■ Task requirements: Spot each line in the data below containing "noteq" and copy it.

■ Stored data:
(* Let $\mathcal E=\widetilde{\Omega^1_D}(\mathcal A)$ be the bimodule of one-forms of a spectral triple $(\mathcal A,\mathcal H,D)$ and suppose Assumption III$'$ holds with data $\mathcal A'\subseteq\mathcal Z(\mathcal A)$, $\mathcal E'\subseteq\mathcal Z(\mathcal E)$. Then $\mathcal Z(\mathcal E)\cong\mathcal E'\otimes_{\mathcal A'}\mathcal Z(\mathcal A)$.
   Context: $\mathcal E$ is the span in $B(\mathcal H)$ of $a[D,b]$, $a,b\in\mathcal A$; $\mathcal Z(\mathcal E)=\{e:ea=ae\ \forall a\}$; $\mathcal Z(\mathcal A)$ the center. Assumption III$'$: there exist a unital $*$-subalgebra $\mathcal A'$ of $\mathcal Z(\mathcal A)$ and an $\mathcal A'$-submodule $\mathcal E'$ of $\mathcal Z(\mathcal E)$ such that $\mathcal E'$ is finitely generated projective over $\mathcal A'$ and the map $\mathcal E'\otimes_{\mathcal A'}\mathcal A\to\mathcal E$, $\sum_ie_i\otimes a_i\mapsto\sum_ie_ia_i$, is an isomorphism of vector spaces. *)

theory Defs
  imports Complex_Main
begin

text \<open>Ambient algebra: a unital complex *-algebra (playing the role of B(H)),
  given by a ring type with a complex scalar multiplication and an involution.\<close>

definition complex_star_algebra ::
  "(complex \<Rightarrow> 'b::ring_1 \<Rightarrow> 'b) \<Rightarrow> ('b \<Rightarrow> 'b) \<Rightarrow> bool" where
  "complex_star_algebra sc st \<longleftrightarrow>
     (\<forall>c x y. sc c (x + y) = sc c x + sc c y) \<and>
     (\<forall>c d x. sc (c + d) x = sc c x + sc d x) \<and>
     (\<forall>c d x. sc c (sc d x) = sc (c * d) x) \<and>
     (\<forall>x. sc 1 x = x) \<and>
     (\<forall>c x y. sc c (x * y) = sc c x * y \<and> sc c (x * y) = x * sc c y) \<and>
     (\<forall>x y. st (x + y) = st x + st y) \<and>
     (\<forall>c x. st (sc c x) = sc (cnj c) (st x)) \<and>
     (\<forall>x y. st (x * y) = st y * st x) \<and>
     (\<forall>x. st (st x) = x)"

definition unital_star_subalgebra ::
  "(complex \<Rightarrow> 'b::ring_1 \<Rightarrow> 'b) \<Rightarrow> ('b \<Rightarrow> 'b) \<Rightarrow> 'b set \<Rightarrow> bool" where
  "unital_star_subalgebra sc st S \<longleftrightarrow>
     1 \<in> S \<and> 0 \<in> S \<and>
     (\<forall>x\<in>S. \<forall>y\<in>S. x + y \<in> S \<and> x * y \<in> S) \<and>
     (\<forall>c. \<forall>x\<in>S. sc c x \<in> S) \<and>
     (\<forall>x\<in>S. st x \<in> S)"

definition cspan :: "(complex \<Rightarrow> 'b::ring_1 \<Rightarrow> 'b) \<Rightarrow> 'b set \<Rightarrow> 'b set" where
  "cspan sc S = {x. \<exists>F c. finite F \<and> F \<subseteq> S \<and> x = (\<Sum>s\<in>F. sc (c s) s)}"

definition centre_in :: "'b::ring_1 set \<Rightarrow> 'b set \<Rightarrow> 'b set" where
  "centre_in A X = {x \<in> X. \<forall>a\<in>A. x * a = a * x}"

definition submodule_over :: "'b::ring_1 set \<Rightarrow> 'b set \<Rightarrow> bool" where
  "submodule_over R M \<longleftrightarrow>
     0 \<in> M \<and> (\<forall>x\<in>M. \<forall>y\<in>M. x + y \<in> M) \<and> (\<forall>x\<in>M. \<forall>r\<in>R. x * r \<in> M)"

text \<open>M is a finitely generated projective R-module (R commutative): M is a direct
  summand (retract, via R-linear maps) of the free module R^n for some n.\<close>
definition free_rank :: "'b::ring_1 set \<Rightarrow> nat \<Rightarrow> (nat \<Rightarrow> 'b) set" where
  "free_rank R n = {v. (\<forall>k<n. v k \<in> R) \<and> (\<forall>k\<ge>n. v k = 0)}"

definition fg_projective :: "'b::ring_1 set \<Rightarrow> 'b set \<Rightarrow> bool" where
  "fg_projective R M \<longleftrightarrow>
     (\<exists>n i p.
        (\<forall>m\<in>M. i m \<in> free_rank R n) \<and>
        (\<forall>m\<in>M. \<forall>m'\<in>M. i (m + m') = (\<lambda>k. i m k + i m' k)) \<and>
        (\<forall>m\<in>M. \<forall>r\<in>R. i (m * r) = (\<lambda>k. i m k * r)) \<and>
        (\<forall>v\<in>free_rank R n. p v \<in> M) \<and>
        (\<forall>v\<in>free_rank R n. \<forall>w\<in>free_rank R n. p (\<lambda>k. v k + w k) = p v + p w) \<and>
        (\<forall>v\<in>free_rank R n. \<forall>r\<in>R. p (\<lambda>k. v k * r) = p v * r) \<and>
        (\<forall>m\<in>M. p (i m) = m))"

text \<open>Tensor product M \<otimes>_R N, constructed as the free abelian group on M \<times> N
  modulo the R-balanced bilinearity relations.\<close>
definition free_ab :: "'b set \<Rightarrow> 'b set \<Rightarrow> ('b \<times> 'b \<Rightarrow> int) set" where
  "free_ab M N = {f. finite {x. f x \<noteq> 0} \<and> {x. f x \<noteq> 0} \<subseteq> M \<times> N}"

definition pt :: "'b \<times> 'b \<Rightarrow> 'b \<times> 'b \<Rightarrow> int" where
  "pt p = (\<lambda>x. if x = p then 1 else 0)"

inductive_set tensor_rel :: "'b::ring_1 set \<Rightarrow> 'b set \<Rightarrow> 'b set \<Rightarrow> ('b \<times> 'b \<Rightarrow> int) set"
  for M R N where
  zero: "(\<lambda>_. 0) \<in> tensor_rel M R N"
| addl: "m \<in> M \<Longrightarrow> m' \<in> M \<Longrightarrow> n \<in> N \<Longrightarrow>
          (\<lambda>x. pt (m + m', n) x - pt (m, n) x - pt (m', n) x) \<in> tensor_rel M R N"
| addr: "m \<in> M \<Longrightarrow> n \<in> N \<Longrightarrow> n' \<in> N \<Longrightarrow>
          (\<lambda>x. pt (m, n + n') x - pt (m, n) x - pt (m, n') x) \<in> tensor_rel M R N"
| bal: "m \<in> M \<Longrightarrow> r \<in> R \<Longrightarrow> n \<in> N \<Longrightarrow>
          (\<lambda>x. pt (m * r, n) x - pt (m, r * n) x) \<in> tensor_rel M R N"
| add: "f \<in> tensor_rel M R N \<Longrightarrow> g \<in> tensor_rel M R N \<Longrightarrow>
          (\<lambda>x. f x + g x) \<in> tensor_rel M R N"
| neg: "f \<in> tensor_rel M R N \<Longrightarrow> (\<lambda>x. - f x) \<in> tensor_rel M R N"

text \<open>Image of a formal sum  \<Sum> k_i (m_i \<otimes> n_i)  under  m \<otimes> n \<mapsto> m n.\<close>
definition tensor_eval :: "('b::ring_1 \<times> 'b \<Rightarrow> int) \<Rightarrow> 'b" where
  "tensor_eval f = (\<Sum>x\<in>{x. f x \<noteq> 0}. of_int (f x) * (fst x * snd x))"

text \<open>The multiplication map M \<otimes>_R N \<rightarrow> T, \<Sum> m_i \<otimes> n_i \<mapsto> \<Sum> m_i n_i, is well defined
  into T and is bijective (surjective, and its kernel is exactly the relations).\<close>
definition tensor_mult_iso :: "'b::ring_1 set \<Rightarrow> 'b set \<Rightarrow> 'b set \<Rightarrow> 'b set \<Rightarrow> bool" where
  "tensor_mult_iso M R N T \<longleftrightarrow>
     (\<forall>f\<in>free_ab M N. tensor_eval f \<in> T) \<and>
     (\<forall>t\<in>T. \<exists>f\<in>free_ab M N. tensor_eval f = t) \<and>
     (\<forall>f\<in>free_ab M N. tensor_eval f = 0 \<longrightarrow> f \<in> tensor_rel M R N)"

end

theory Submission
  imports Defs
begin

■ Result for this exercise:
  "free_ab M N = {f. finite {x. f x \<noteq> 0} \<and> {x. f x \<noteq> 0} \<subseteq> M \<times> N}"
  "tensor_eval f = (\<Sum>x\<in>{x. f x \<noteq> 0}. of_int (f x) * (fst x * snd x))"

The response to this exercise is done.